‘A powerful portrait of the fighting in the Streets, houses, gardens and woods’

Jan Loos was a 14-year-old schoolboy in Oosterbeek, the village on the outskirts of Arnhem town that saw much combat between British Airborne soldiers and their German foes in September 1944.

Like thousands of other civilians, Jan took refuge with his family, friends and neighbours in the cellar of a house that became the focus of a bitter struggle.
Shot at during forays from the cellar to get water, he was wounded in the leg.

In the immediate aftermath of the battle Jan and his family were forced to flee their ruined neighbourhood. At one point they came under attack from Allied aircraft that mistook a column of refugees for retreating enemy troops.

A soldier of the 1st Airborne Division takes aim at the enemy from the ruins of a house in Oosterbeek. (Photo: AWM)

After the war Jan became an aviator in the Royal Netherlands Navy and today furthers the cause of commemorating the Battle of Arnhem by giving tours of the streets in Oosterbeek where some of it took place. He explains what happened there during the battle, including recalling his own experiences.

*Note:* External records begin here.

(* Let $p$ be a prime number, and let $N,n\ge 1$ and $\nu\ge 0$ be integers with $n\not\equiv 0\pmod{p-1}$. If $$\mathrm{ord}_p(N-1)\ \ge\ \nu+1+\mathrm{ord}_p\Big(\prod_{k=0}^{n}(1+k)!\Big)+\mathrm{ord}_p(n),$$ then $$\frac{B_{N,n}}{n}\equiv\frac{B_n}{n}\pmod{p^{\nu+1}}.$$
   Context: For a positive integer $N$, the hypergeometric Bernoulli numbers $B_{N,n}$ are defined by $\frac{x^N/N!}{e^x-\sum_{n=0}^{N-1}x^n/n!}=\sum_{n\ge0} B_{N,n}\frac{x^n}{n!}$, and the classical Bernoulli numbers $B_n$ by $\frac{x}{e^x-1}=\sum_{n\ge0}B_n\frac{x^n}{n!}$. $\mathrm{ord}_p$ denotes the $p$-adic valuation on $\mathbb{Q}$ (with $\mathrm{ord}_p(0)=\infty$); for rationals $a,b$, $a\equiv b\pmod{p^s}$ means $\mathrm{ord}_p(a-b)\ge s$. *)

theory Defs
  imports "HOL-Computational_Algebra.Computational_Algebra"
begin

definition hyp_bernoulli :: "nat \<Rightarrow> nat \<Rightarrow> rat" where
  "hyp_bernoulli N n = fact n *
     ((fps_X ^ N / fps_const (fact N)) /
      (fps_exp 1 - (\<Sum>k<N. fps_X ^ k / fps_const (fact k)))) $ n"

definition bernoulli_num :: "nat \<Rightarrow> rat" where
  "bernoulli_num n = fact n * (fps_X / (fps_exp 1 - 1)) $ n"

text \<open>p-adic valuation of a nonzero rational (value for 0 is irrelevant, see qcong).\<close>
definition ord_rat :: "nat \<Rightarrow> rat \<Rightarrow> int" where
  "ord_rat p q = (let (a, b) = quotient_of q in
      int (multiplicity (int p) a) - int (multiplicity (int p) b))"

text \<open>a \<equiv> b (mod p^s) for rationals: ord_p(a-b) \<ge> s, with ord_p 0 = \<infinity>.\<close>
definition qcong :: "nat \<Rightarrow> nat \<Rightarrow> rat \<Rightarrow> rat \<Rightarrow> bool" where
  "qcong p s a b \<longleftrightarrow> a = b \<or> int s \<le> ord_rat p (a - b)"
lemma dist_clustered_coloring_same_component:
  assumes dcc: "dist_clustered_coloring V E m n f"
    and "a \<in> V" "b \<in> V" "f a = f b" and close: "gdist V E a b \<le> enat m"
  shows "b \<in> induced_component {x \<in> V. f x = f a} E a"
proof (rule ccontr)
  let ?S = "{x \<in> V. f x = f a}"
  assume b_notin: "b \<notin> induced_component ?S E a"
  have a: "a \<in> induced_component ?S E a" and b: "b \<in> induced_component ?S E b"
    using assms(2-4) by (auto intro: induced_component_self)
  with b_notin have "induced_component ?S E a \<noteq> induced_component ?S E b" by blast
  moreover have "f a \<in> {1..n}" using dcc \<open>a \<in> V\<close> by (simp add: dist_clustered_coloring_def)
  ultimately have "enat m < gdist V E a b"
    using dcc a b assms(2-4) unfolding dist_clustered_coloring_def by fastforce
  with close show False by simp
qed

lemma dist_clustered_chromatic_eqI:
  assumes "dist_clustered_coloring V E m N f"
    and "\<And>n f. dist_clustered_coloring V E m n f \<Longrightarrow> N \<le> n"
  shows "dist_clustered_chromatic V E m = enat N"
proof -
  have "(LEAST n. \<exists>f. dist_clustered_coloring V E m n f) = N"
    by (rule Least_equality) (use assms in blast)+
  then show ?thesis using assms(1) unfolding dist_clustered_chromatic_def by auto
qed

lemma symp_tree_E: "symp (tree_E k)"
  by (auto simp: symp_def tree_E_def)

lemma tree_V_Nil [simp]: "[] \<in> tree_V k"
  by (simp add: tree_V_def)

lemma tree_V_snoc [simp]: "v @ [i] \<in> tree_V k \<longleftrightarrow> v \<in> tree_V k \<and> i \<in> {1..k}"
  by (auto simp: tree_V_def)

lemma infinite_induced_component_tree_root:
  assumes "\<forall>v\<in>tree_V k. \<exists>i\<in>{1..k}. f (v @ [i]) = f v"
  shows "infinite (induced_component {x \<in> tree_V k. f x = f []} (tree_E k) [])"
proof
  let ?S = "{x \<in> tree_V k. f x = f []}"
  let ?C = "induced_component ?S (tree_E k) []"
  have lengths: "\<exists>v\<in>?C. length v = n" for n
  proof (induction n)
    case 0
    show ?case by (intro bexI[of _ "[]"] induced_component_self) simp_all
  next
    case (Suc n)
    then obtain v where v: "v \<in> ?C" "length v = n" by blast
    have "v \<in> ?S" using v(1) induced_component_subset by (rule subsetD[rotated])
    with assms obtain i where "i \<in> {1..k}" "f (v @ [i]) = f v" by blast
    with \<open>v \<in> ?S\<close> have "induced_adj ?S (tree_E k) v (v @ [i])"
      by (auto simp: induced_adj_def tree_E_def)
    with v(1) have "v @ [i] \<in> ?C" by (auto simp: induced_component_eq)
    with v(2) show ?case by (intro bexI[of _ "v @ [i]"]) simp_all
  qed
  have "UNIV \<subseteq> length ` ?C"
  proof
    fix n
    from lengths[of n] show "n \<in> length ` ?C" by (auto intro: image_eqI)
  qed
  moreover assume "finite ?C"
  ultimately show False by (meson finite_imageI finite_subset infinite_UNIV_nat)
qed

Jan’s incredible story features in ‘Arnhem: Ten Days in The Cauldron’ which uses his own day-by-day recollections of the fighting as part of the narrative. Naturally, Jan was one of the first to receive a copy of the new book, by way of thanks for his help to ensure it offers a compelling read. This is his reaction to it.

“This weekend I finished reading Iain Ballantyne’s book ‘Arnhem: Ten Days in The Cauldron’ and felt as if I had relived the entire battle again,” said Jan.

“The way in which it so vividly and exactly describes how those of us caught up in the battle experienced the horrors and suffering of war reflected so well what it was really like.

“I was impressed by the way Iain managed to insert all the different stories from soldiers and civilians in an authentic setting and was pleased by how my own story intermingled with the stories of others who were there, to make a powerful portrait of the fighting in the streets, houses, gardens and woods. I congratulate the author on a job well done.”